**Task objective:**
Set down exactly the lines below, starting at the one that contains "V \<Longrightarrow> meq" and ending at the one that contains "w = replicate", with both of those lines included and nothing else.

**Data to examine:**
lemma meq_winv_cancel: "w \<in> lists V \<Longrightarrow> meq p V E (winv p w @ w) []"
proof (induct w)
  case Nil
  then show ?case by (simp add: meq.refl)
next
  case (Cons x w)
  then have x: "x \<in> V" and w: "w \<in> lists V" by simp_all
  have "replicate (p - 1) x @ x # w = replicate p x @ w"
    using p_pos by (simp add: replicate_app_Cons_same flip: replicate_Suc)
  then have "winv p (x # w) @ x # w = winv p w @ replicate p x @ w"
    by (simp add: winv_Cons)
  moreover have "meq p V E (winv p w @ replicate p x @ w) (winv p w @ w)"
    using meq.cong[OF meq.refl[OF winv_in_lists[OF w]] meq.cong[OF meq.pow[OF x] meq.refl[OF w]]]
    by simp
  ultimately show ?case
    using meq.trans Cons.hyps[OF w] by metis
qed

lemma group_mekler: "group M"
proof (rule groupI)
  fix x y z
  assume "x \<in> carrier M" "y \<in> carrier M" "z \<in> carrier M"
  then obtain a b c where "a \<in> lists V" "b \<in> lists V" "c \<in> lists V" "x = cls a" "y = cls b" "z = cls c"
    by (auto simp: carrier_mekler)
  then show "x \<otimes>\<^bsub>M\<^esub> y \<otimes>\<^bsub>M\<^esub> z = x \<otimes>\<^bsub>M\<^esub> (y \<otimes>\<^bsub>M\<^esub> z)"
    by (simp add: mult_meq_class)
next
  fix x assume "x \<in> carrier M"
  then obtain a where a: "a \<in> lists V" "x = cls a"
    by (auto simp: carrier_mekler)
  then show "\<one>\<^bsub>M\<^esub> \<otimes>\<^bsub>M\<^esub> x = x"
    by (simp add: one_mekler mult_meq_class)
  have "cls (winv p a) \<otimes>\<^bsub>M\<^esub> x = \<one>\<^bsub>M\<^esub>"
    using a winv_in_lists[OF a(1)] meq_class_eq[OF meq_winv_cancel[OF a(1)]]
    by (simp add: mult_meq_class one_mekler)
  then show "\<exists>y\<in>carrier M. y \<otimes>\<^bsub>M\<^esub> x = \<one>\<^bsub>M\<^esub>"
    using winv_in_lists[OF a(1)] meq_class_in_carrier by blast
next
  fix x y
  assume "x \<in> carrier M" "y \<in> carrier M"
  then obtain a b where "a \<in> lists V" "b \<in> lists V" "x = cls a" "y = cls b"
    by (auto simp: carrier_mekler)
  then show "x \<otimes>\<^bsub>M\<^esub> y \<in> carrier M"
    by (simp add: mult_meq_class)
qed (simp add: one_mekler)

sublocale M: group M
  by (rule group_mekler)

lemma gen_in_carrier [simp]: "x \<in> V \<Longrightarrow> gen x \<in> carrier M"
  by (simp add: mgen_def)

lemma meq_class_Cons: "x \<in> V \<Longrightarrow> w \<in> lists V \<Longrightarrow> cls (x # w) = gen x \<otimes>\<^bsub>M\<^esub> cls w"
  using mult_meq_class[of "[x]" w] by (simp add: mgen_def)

* * *

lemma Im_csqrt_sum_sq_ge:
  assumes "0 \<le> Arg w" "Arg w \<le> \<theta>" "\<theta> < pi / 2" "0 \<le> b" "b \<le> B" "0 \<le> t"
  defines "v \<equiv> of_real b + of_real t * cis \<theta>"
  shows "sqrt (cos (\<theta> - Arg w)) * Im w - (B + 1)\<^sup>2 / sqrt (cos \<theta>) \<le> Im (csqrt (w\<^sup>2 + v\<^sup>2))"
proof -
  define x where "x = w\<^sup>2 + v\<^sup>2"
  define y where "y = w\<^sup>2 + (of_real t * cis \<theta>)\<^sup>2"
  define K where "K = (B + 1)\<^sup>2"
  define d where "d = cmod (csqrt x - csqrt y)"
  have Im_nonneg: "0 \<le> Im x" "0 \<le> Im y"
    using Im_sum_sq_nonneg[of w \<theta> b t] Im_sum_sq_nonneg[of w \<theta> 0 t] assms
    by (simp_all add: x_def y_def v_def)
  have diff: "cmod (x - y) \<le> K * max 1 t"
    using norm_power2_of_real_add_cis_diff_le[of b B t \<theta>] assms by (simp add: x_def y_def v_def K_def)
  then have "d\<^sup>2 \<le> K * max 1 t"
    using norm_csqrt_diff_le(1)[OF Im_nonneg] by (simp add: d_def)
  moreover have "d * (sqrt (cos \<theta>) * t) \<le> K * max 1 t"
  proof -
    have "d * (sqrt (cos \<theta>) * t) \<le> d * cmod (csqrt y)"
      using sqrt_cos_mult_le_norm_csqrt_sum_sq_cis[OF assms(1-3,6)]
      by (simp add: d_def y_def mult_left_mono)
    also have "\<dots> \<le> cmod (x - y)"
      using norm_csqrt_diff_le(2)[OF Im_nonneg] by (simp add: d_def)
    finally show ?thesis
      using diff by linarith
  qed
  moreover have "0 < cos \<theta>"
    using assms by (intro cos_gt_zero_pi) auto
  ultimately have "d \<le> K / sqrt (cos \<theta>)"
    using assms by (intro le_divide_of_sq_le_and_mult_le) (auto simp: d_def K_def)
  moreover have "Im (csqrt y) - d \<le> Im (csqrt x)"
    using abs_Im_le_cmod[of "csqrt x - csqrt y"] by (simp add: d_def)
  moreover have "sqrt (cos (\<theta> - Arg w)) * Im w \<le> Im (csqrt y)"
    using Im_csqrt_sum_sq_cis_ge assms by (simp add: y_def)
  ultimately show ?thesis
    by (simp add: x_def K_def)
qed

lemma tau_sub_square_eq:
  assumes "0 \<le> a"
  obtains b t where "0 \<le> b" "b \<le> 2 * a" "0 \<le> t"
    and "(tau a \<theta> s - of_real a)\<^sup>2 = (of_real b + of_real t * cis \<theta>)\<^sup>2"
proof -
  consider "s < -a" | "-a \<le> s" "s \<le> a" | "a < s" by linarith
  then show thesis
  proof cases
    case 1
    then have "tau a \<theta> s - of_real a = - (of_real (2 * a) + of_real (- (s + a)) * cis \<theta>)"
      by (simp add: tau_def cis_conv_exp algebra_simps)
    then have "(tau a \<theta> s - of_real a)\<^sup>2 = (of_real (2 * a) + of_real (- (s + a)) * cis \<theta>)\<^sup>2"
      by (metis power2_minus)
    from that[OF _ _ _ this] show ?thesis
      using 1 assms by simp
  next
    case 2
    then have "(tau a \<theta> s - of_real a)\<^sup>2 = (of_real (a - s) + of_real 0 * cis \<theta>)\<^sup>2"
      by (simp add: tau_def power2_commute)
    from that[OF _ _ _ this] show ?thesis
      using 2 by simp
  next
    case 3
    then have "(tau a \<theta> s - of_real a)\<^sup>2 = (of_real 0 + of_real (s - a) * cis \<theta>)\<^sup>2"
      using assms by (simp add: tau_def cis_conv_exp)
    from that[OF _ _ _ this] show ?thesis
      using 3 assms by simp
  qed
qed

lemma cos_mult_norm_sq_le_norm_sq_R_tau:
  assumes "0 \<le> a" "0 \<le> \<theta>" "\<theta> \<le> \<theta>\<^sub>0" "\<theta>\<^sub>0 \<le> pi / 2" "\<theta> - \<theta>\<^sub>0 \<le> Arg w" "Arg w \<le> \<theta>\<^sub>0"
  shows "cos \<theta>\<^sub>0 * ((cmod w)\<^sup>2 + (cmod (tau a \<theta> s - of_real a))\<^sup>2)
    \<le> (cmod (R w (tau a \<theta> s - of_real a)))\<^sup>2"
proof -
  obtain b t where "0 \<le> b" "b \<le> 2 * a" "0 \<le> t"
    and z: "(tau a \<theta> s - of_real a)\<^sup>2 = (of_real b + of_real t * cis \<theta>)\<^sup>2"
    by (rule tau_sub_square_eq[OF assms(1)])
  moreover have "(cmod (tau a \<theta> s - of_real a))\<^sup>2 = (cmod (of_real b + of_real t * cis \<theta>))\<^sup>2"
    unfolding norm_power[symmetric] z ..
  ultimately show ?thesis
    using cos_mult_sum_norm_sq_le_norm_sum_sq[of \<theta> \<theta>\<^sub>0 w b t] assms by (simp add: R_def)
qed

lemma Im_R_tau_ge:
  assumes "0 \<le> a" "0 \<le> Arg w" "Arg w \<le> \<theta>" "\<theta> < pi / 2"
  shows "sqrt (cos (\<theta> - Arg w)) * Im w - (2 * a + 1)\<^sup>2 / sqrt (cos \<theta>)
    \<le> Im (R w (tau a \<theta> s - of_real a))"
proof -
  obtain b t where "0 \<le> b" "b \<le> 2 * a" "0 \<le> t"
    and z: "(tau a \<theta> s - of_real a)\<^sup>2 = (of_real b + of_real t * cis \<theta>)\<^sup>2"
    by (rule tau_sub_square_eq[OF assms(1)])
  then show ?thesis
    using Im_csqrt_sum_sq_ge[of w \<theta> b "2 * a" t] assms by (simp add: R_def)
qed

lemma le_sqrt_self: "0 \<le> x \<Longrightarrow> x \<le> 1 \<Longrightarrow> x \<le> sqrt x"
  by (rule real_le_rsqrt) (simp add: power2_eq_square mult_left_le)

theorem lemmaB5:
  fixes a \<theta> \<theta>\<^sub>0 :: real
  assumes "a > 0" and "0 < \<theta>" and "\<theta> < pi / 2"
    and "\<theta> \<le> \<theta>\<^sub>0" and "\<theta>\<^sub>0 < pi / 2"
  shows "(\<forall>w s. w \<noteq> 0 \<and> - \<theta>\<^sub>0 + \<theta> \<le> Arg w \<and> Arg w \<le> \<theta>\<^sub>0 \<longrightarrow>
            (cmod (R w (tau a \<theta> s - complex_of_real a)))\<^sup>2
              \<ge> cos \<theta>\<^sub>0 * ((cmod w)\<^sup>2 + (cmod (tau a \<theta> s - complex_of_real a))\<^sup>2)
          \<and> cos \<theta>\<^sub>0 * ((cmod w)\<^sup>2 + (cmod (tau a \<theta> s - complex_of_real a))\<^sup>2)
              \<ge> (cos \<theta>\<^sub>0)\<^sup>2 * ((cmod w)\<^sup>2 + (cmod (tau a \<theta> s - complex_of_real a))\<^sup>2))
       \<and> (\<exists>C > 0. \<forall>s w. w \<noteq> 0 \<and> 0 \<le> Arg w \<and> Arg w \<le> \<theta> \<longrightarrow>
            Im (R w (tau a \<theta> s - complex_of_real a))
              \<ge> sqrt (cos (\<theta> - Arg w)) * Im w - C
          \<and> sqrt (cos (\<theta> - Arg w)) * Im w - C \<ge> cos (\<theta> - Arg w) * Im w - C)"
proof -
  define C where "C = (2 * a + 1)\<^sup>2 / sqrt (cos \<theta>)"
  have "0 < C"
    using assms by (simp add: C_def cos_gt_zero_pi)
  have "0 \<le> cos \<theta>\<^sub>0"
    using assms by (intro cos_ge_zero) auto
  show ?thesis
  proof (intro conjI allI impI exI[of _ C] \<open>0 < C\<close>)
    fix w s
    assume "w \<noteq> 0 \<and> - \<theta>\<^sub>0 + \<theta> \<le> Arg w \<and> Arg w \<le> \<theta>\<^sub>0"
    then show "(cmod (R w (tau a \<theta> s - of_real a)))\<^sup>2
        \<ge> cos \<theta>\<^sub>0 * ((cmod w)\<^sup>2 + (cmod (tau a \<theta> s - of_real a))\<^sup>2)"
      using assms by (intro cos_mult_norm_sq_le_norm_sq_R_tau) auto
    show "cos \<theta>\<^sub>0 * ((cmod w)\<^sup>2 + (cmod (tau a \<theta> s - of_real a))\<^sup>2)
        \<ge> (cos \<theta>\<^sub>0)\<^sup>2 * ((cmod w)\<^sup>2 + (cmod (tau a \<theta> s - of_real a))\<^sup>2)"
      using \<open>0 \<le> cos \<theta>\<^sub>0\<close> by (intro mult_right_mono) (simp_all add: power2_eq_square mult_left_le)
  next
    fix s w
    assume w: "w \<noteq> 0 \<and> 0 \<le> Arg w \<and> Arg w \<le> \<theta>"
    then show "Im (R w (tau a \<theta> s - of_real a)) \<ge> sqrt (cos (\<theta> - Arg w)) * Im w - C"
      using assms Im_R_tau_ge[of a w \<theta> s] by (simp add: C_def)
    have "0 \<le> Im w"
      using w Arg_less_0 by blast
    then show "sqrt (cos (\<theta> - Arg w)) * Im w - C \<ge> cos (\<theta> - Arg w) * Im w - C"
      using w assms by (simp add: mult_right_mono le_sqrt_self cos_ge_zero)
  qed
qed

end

**Solution to the problem:**
lemma meq_winv_cancel: "w \<in> lists V \<Longrightarrow> meq p V E (winv p w @ w) []"
proof (induct w)
  case Nil
  then show ?case by (simp add: meq.refl)
next
  case (Cons x w)
  then have x: "x \<in> V" and w: "w \<in> lists V" by simp_all
  have "replicate (p - 1) x @ x # w = replicate p x @ w"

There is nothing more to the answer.